Rohrer Jochen, Kaghazchi Payam
Institut für Materialwissenschaft, Fachgebiet Materialmodellierung, Technische Universität Darmstadt, Jovanka-Bontschits-Str. 2, 64287 Darmstadt (Germany).
Chemphyschem. 2014 Dec 15;15(18):3950-4. doi: 10.1002/cphc.201402456. Epub 2014 Sep 22.
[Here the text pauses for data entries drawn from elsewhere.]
text \<open>At a check node with an odd number of neighbours in S, two of them get the holes 0 and 1,
  all others the hole 2; then every check copy sees an even number of ones.\<close>
lemma lift_realizable_scaled_indicator_two:
  assumes tg: "tanner_graph V C E" and st: "stopping_set V C E S"
  shows "lift_realizable V C E (scaled_indicator S 2)"
proof -
  have SV: "S \<subseteq> V" using st by (simp add: stopping_set_def)
  define N where "N c = {v \<in> S. (v, c) \<in> E}" for c
  have finN: "finite (N c)" for c
    using tg SV by (auto simp: tanner_graph_def N_def intro: finite_subset)
  have "\<exists>a b. a \<in> N c \<and> b \<in> N c \<and> a \<noteq> b" if odd_c: "odd (card (N c))" for c
  proof -
    have "N c \<noteq> {}" using odd_c by auto
    then obtain a where a: "a \<in> S" "(a, c) \<in> E" by (auto simp: N_def)
    then obtain b where "b \<in> S" "(b, c) \<in> E" "b \<noteq> a" by (rule stopping_set_other_neighbour[OF tg st])
    with a show ?thesis by (auto simp: N_def)
  qed
  then obtain a b where ab: "\<And>c. odd (card (N c)) \<Longrightarrow> a c \<in> N c \<and> b c \<in> N c \<and> a c \<noteq> b c"
    by metis
  define hole where
    "hole v c = (if odd (card (N c)) \<and> v = a c then 0 else if odd (card (N c)) \<and> v = b c then 1 else 2::nat)"
    for v c
  have hole_lt: "hole v c < 3" for v c by (simp add: hole_def)
  have even_ones: "even (card {v \<in> N c. hole v c \<noteq> j})" if "j < 3" for c j
  proof (cases "odd (card (N c))")
    case False
    then have "{v \<in> N c. hole v c \<noteq> j} = (if j = 2 then {} else N c)" by (auto simp: hole_def)
    with False show ?thesis by simp
  next
    case True
    then have hole_c: "hole v c = (if v = a c then 0 else if v = b c then 1 else 2)" for v
      by (simp add: hole_def)
    from True ab have "a c \<in> N c" "b c \<in> N c" "a c \<noteq> b c" by auto
    then show ?thesis unfolding hole_c by (rule even_card_hole_ne[OF finN _ _ _ True that])
  qed
  define pi where "pi = (\<lambda>(v, c). transpose (hole v c) (2::nat))"
  define x where "x = (\<lambda>(v, i). v \<in> S \<and> i < (2::nat))"
  have "lift_codeword C E 3 pi x"
    using card_ones_at_check_transpose[where hole = hole, OF hole_lt] even_ones
    by (simp add: lift_codeword_iff pi_def x_def N_def conj_assoc)
  moreover have "\<forall>e\<in>E. bij_betw (pi e) {..<3} {..<3}"
    using hole_lt by (auto simp: pi_def)
  moreover have "scaled_indicator S 2 v = (if v \<in> V then card {i. i < 3 \<and> x (v, i)} else 0)" for v
  proof -
    have "{i. i < 3 \<and> x (v, i)} = (if v \<in> S then {..<2} else {})" by (auto simp: x_def)
    then show ?thesis using SV by (auto simp: scaled_indicator_def)
  qed
  ultimately show ?thesis unfolding lift_realizable_def by (intro exI[of _ 3]) auto
qed

lemma lift_realizable_scaled_indicator_iff_dvd:
  assumes tg: "tanner_graph V C E" and st: "stopping_set V C E S"
  defines "d \<equiv> if \<forall>c\<in>C. even (card {v \<in> S. (v, c) \<in> E}) then 1 else 2 :: nat"
  shows "lift_realizable V C E (scaled_indicator S k) \<longleftrightarrow> d dvd k"
proof (cases "\<forall>c\<in>C. even (card {v \<in> S. (v, c) \<in> E})")
  case True
  have SV: "S \<subseteq> V" using st by (simp add: stopping_set_def)
  from lift_realizable_mult[OF lift_realizable_scaled_indicator_one[OF SV True], of k] True show ?thesis
    by (simp add: d_def scaled_indicator_mult[of _ k 1, simplified])
next
  case False
  then obtain c where c: "c \<in> C" "odd (card {v \<in> S. (v, c) \<in> E})" by blast
  have "even k" if "lift_realizable V C E (scaled_indicator S k)"
    using lift_realizable_scaled_indicator_even[OF tg _ that c] st by (simp add: stopping_set_def)
  moreover have "lift_realizable V C E (scaled_indicator S (2 * t))" for t
    using lift_realizable_mult[OF lift_realizable_scaled_indicator_two[OF tg st], of t]
    by (simp add: scaled_indicator_mult[of S t 2, symmetric] mult.commute)
  ultimately show ?thesis using False by (auto simp: d_def)
qed

section \<open>Irreducible pseudocodewords\<close>

lemma indecomposable_multiples_iff:
  fixes d k :: nat
  assumes "d \<ge> 1" "k \<ge> 1"
  shows "d dvd k \<and> \<not> (\<exists>a b. a \<ge> 1 \<and> b \<ge> 1 \<and> k = a + b \<and> d dvd a \<and> d dvd b) \<longleftrightarrow> k = d"
proof
  assume "d dvd k \<and> \<not> (\<exists>a b. a \<ge> 1 \<and> b \<ge> 1 \<and> k = a + b \<and> d dvd a \<and> d dvd b)"
  then obtain t where "k = d * t" and indec: "\<not> (\<exists>a b. a \<ge> 1 \<and> b \<ge> 1 \<and> k = a + b \<and> d dvd a \<and> d dvd b)"
    by blast
  with assms have "t \<ge> 1" by (cases t) auto
  have "t = 1"
  proof (rule ccontr)
    assume "t \<noteq> 1"
    with \<open>t \<ge> 1\<close> have "d * (t - 1) \<ge> 1" using assms(1) by simp
    moreover have "k = d + d * (t - 1)" using \<open>k = d * t\<close> \<open>t \<ge> 1\<close> by (cases t) auto
    ultimately have "\<exists>a b. a \<ge> 1 \<and> b \<ge> 1 \<and> k = a + b \<and> d dvd a \<and> d dvd b"
      using assms(1) by (intro exI[of _ d] exI[of _ "d * (t - 1)"]) simp
    with indec show False by blast
  qed
  with \<open>k = d * t\<close> show "k = d" by simp
next
  assume "k = d"
  moreover have "\<not> (a \<ge> 1 \<and> b \<ge> 1 \<and> d = a + b \<and> d dvd a)" for a b
    using dvd_imp_le[of d a] by auto
  ultimately show "d dvd k \<and> \<not> (\<exists>a b. a \<ge> 1 \<and> b \<ge> 1 \<and> k = a + b \<and> d dvd a \<and> d dvd b)"
    by auto
qed

lemma lift_realizable_below_scaled_indicator:
  assumes tg: "tanner_graph V C E" and ms: "minimal_stopping_set V C E S"
    and nt: "\<not> property_Theta C E S"
    and p: "lift_realizable V C E p" and nz: "p \<noteq> (\<lambda>_. 0)" and le: "\<And>v. p v \<le> scaled_indicator S k v"
  obtains a where "a \<ge> 1" "p = scaled_indicator S a"
proof -
  have "support V p \<subseteq> S"
  proof
    fix v assume "v \<in> support V p"
    with le[of v] show "v \<in> S" by (auto simp: support_def scaled_indicator_def split: if_splits)
  qed
  with ms stopping_set_support[OF tg p nz] have supp: "support V p = S"
    by (auto simp: minimal_stopping_set_def)
  then obtain u where u: "u \<in> support V p"
    using ms by (auto simp: minimal_stopping_set_def stopping_set_def)
  have "p = scaled_indicator S (p u)"
    using lift_realizable_eq_scaled_indicator[OF tg p _ u] nt supp by simp
  moreover have "p u \<ge> 1" using u by (simp add: support_def)
  ultimately show thesis using that by blast
qed

lemma scaled_indicator_sum_list_split:
  assumes tg: "tanner_graph V C E" and ms: "minimal_stopping_set V C E S"
    and nt: "\<not> property_Theta C E S"
    and len: "length ps \<ge> 2" and ps: "\<forall>q\<in>set ps. lift_realizable V C E q \<and> q \<noteq> (\<lambda>_. 0)"
    and sum: "scaled_indicator S k = (\<lambda>v. \<Sum>q\<leftarrow>ps. q v)"
  obtains a b where "a \<ge> 1" "b \<ge> 1" "k = a + b"
    "lift_realizable V C E (scaled_indicator S a)" "lift_realizable V C E (scaled_indicator S b)"
proof -
  from len obtain q q' rest where ps_eq: "ps = q # q' # rest" by (cases ps; cases "tl ps") auto
  define r where "r = (\<lambda>v. \<Sum>q\<leftarrow>q' # rest. q v)"
  have sum': "scaled_indicator S k = (\<lambda>v. q v + r v)" using sum by (simp add: ps_eq r_def)
  have q: "lift_realizable V C E q" "q \<noteq> (\<lambda>_. 0)" using ps by (simp_all add: ps_eq)
  have r: "lift_realizable V C E r" unfolding r_def using ps by (intro lift_realizable_sum_list) (simp add: ps_eq)
  have "r \<noteq> (\<lambda>_. 0)" using ps by (auto simp: ps_eq r_def fun_eq_iff)
  moreover have "r v \<le> scaled_indicator S k v" for v by (simp add: sum')
  ultimately obtain b where b: "b \<ge> 1" "r = scaled_indicator S b"
    by (rule lift_realizable_below_scaled_indicator[OF tg ms nt r])
  have "q v \<le> scaled_indicator S k v" for v by (simp add: sum')
  then obtain a where a: "a \<ge> 1" "q = scaled_indicator S a"
    by (rule lift_realizable_below_scaled_indicator[OF tg ms nt q])
  obtain u where u: "u \<in> S" using ms by (auto simp: minimal_stopping_set_def stopping_set_def)
  have "k = a + b" using fun_cong[OF sum', of u] a b u by (simp add: scaled_indicator_def)
  with a b q r show thesis using that by blast
qed

lemma irreducible_scaled_indicator_iff:
  assumes tg: "tanner_graph V C E" and ms: "minimal_stopping_set V C E S"
    and nt: "\<not> property_Theta C E S" and k: "k \<ge> 1"
  shows "irreducible_pcw V C E (scaled_indicator S k) \<longleftrightarrow>
    lift_realizable V C E (scaled_indicator S k) \<and>
    \<not> (\<exists>a b. a \<ge> 1 \<and> b \<ge> 1 \<and> k = a + b \<and>
        lift_realizable V C E (scaled_indicator S a) \<and> lift_realizable V C E (scaled_indicator S b))"
    (is "_ \<longleftrightarrow> _ \<and> \<not> ?decomposable")
proof -
  have nz: "scaled_indicator S a \<noteq> (\<lambda>_. 0)" if "a \<ge> 1" for a
    using ms that by (simp add: scaled_indicator_eq_zero_iff minimal_stopping_set_def stopping_set_def)
  have "(\<exists>ps. length ps \<ge> 2 \<and> (\<forall>q\<in>set ps. lift_realizable V C E q \<and> q \<noteq> (\<lambda>_. 0)) \<and>
          scaled_indicator S k = (\<lambda>v. \<Sum>q\<leftarrow>ps. q v)) \<longleftrightarrow> ?decomposable"
  proof
    assume "\<exists>ps. length ps \<ge> 2 \<and> (\<forall>q\<in>set ps. lift_realizable V C E q \<and> q \<noteq> (\<lambda>_. 0)) \<and>
          scaled_indicator S k = (\<lambda>v. \<Sum>q\<leftarrow>ps. q v)"
    then show ?decomposable by (metis scaled_indicator_sum_list_split[OF tg ms nt])
  next
    assume ?decomposable
    then obtain a b where "a \<ge> 1" "b \<ge> 1" "k = a + b"
      "lift_realizable V C E (scaled_indicator S a)" "lift_realizable V C E (scaled_indicator S b)" by blast
    then show "\<exists>ps. length ps \<ge> 2 \<and> (\<forall>q\<in>set ps. lift_realizable V C E q \<and> q \<noteq> (\<lambda>_. 0)) \<and>
          scaled_indicator S k = (\<lambda>v. \<Sum>q\<leftarrow>ps. q v)"
      using nz by (intro exI[of _ "[scaled_indicator S a, scaled_indicator S b]"]) (simp add: scaled_indicator_add)
  qed
  then show ?thesis using nz[OF k] by (simp add: irreducible_pcw_def)
qed

lemma max_components_eq:
  assumes tg: "tanner_graph V C E" and ms: "minimal_stopping_set V C E S"
    and nt: "\<not> property_Theta C E S"
  shows "max_components V C E S = {k. k \<ge> 1 \<and> irreducible_pcw V C E (scaled_indicator S k)}"
proof -
  have S: "S \<subseteq> V" "S \<noteq> {}" using ms by (auto simp: minimal_stopping_set_def stopping_set_def)
  have finV: "finite V" using tg by (simp add: tanner_graph_def)
  show ?thesis
  proof (intro equalityI subsetI)
    fix k assume "k \<in> max_components V C E S"
    then obtain p where p: "irreducible_pcw V C E p" "support V p = S" "k = Max (p ` V)"
      by (auto simp: max_components_def)
    obtain u where u: "u \<in> S" using S by blast
    have "p = scaled_indicator S (p u)"
      using lift_realizable_eq_scaled_indicator[OF tg _ _, of p u] p nt u by (simp add: irreducible_pcw_def)
    moreover have "p u \<ge> 1" using u p(2) by (auto simp: support_def)
    ultimately show "k \<in> {k. k \<ge> 1 \<and> irreducible_pcw V C E (scaled_indicator S k)}"
      using p Max_scaled_indicator[OF finV S] by (metis mem_Collect_eq)
  next
    fix k assume "k \<in> {k. k \<ge> 1 \<and> irreducible_pcw V C E (scaled_indicator S k)}"
    then show "k \<in> max_components V C E S"
      using support_scaled_indicator[OF S(1)] Max_scaled_indicator[OF finV S]
      unfolding max_components_def by (intro CollectI exI[of _ "scaled_indicator S k"]) auto
  qed
qed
The interaction of ethylene carbonate (EC) with Si surfaces is studied by density functional theory. The results show a strong structure sensitivity in the adsorption of EC on Si surfaces. While the adsorbed EC molecule readily decomposes on the Li/Si(111) surface, it does not dissociate on the Li/Si(100) and Li/Si(110) surfaces. On Si(111), the O atom at the top of EC is detached from the EC molecule and binds to the Li adatom, forming Li-O molecules. The mechanism of EC decomposition is the transfer of 2.4 electrons from the surface to the EC molecule, as well as the formation of a covalent bond between the Li adatom and the EC molecule. This result shows that in lithium-ion batteries with Si anodes, dissociation of the solvent and formation of a solid electrolyte interphase layer start as soon as the Li atoms cover the anode surface.
采用密度泛函理论研究了碳酸亚乙酯(EC)与硅表面的相互作用。结果表明,EC在硅表面的吸附具有很强的结构敏感性。虽然吸附的EC分子在Li/Si(111)表面容易分解,但在Li/Si(100)和Li/Si(110)表面不会解离。在Si(111)上,EC顶部的O原子从EC分子上脱离并与Li吸附原子结合,形成Li-O分子。EC分解的机制是表面向EC分子转移2.4个电子,以及Li吸附原子与EC分子之间形成共价键。该结果表明,在具有硅阳极的锂离子电池中,一旦锂原子覆盖阳极表面,溶剂就会解离并形成固体电解质界面层。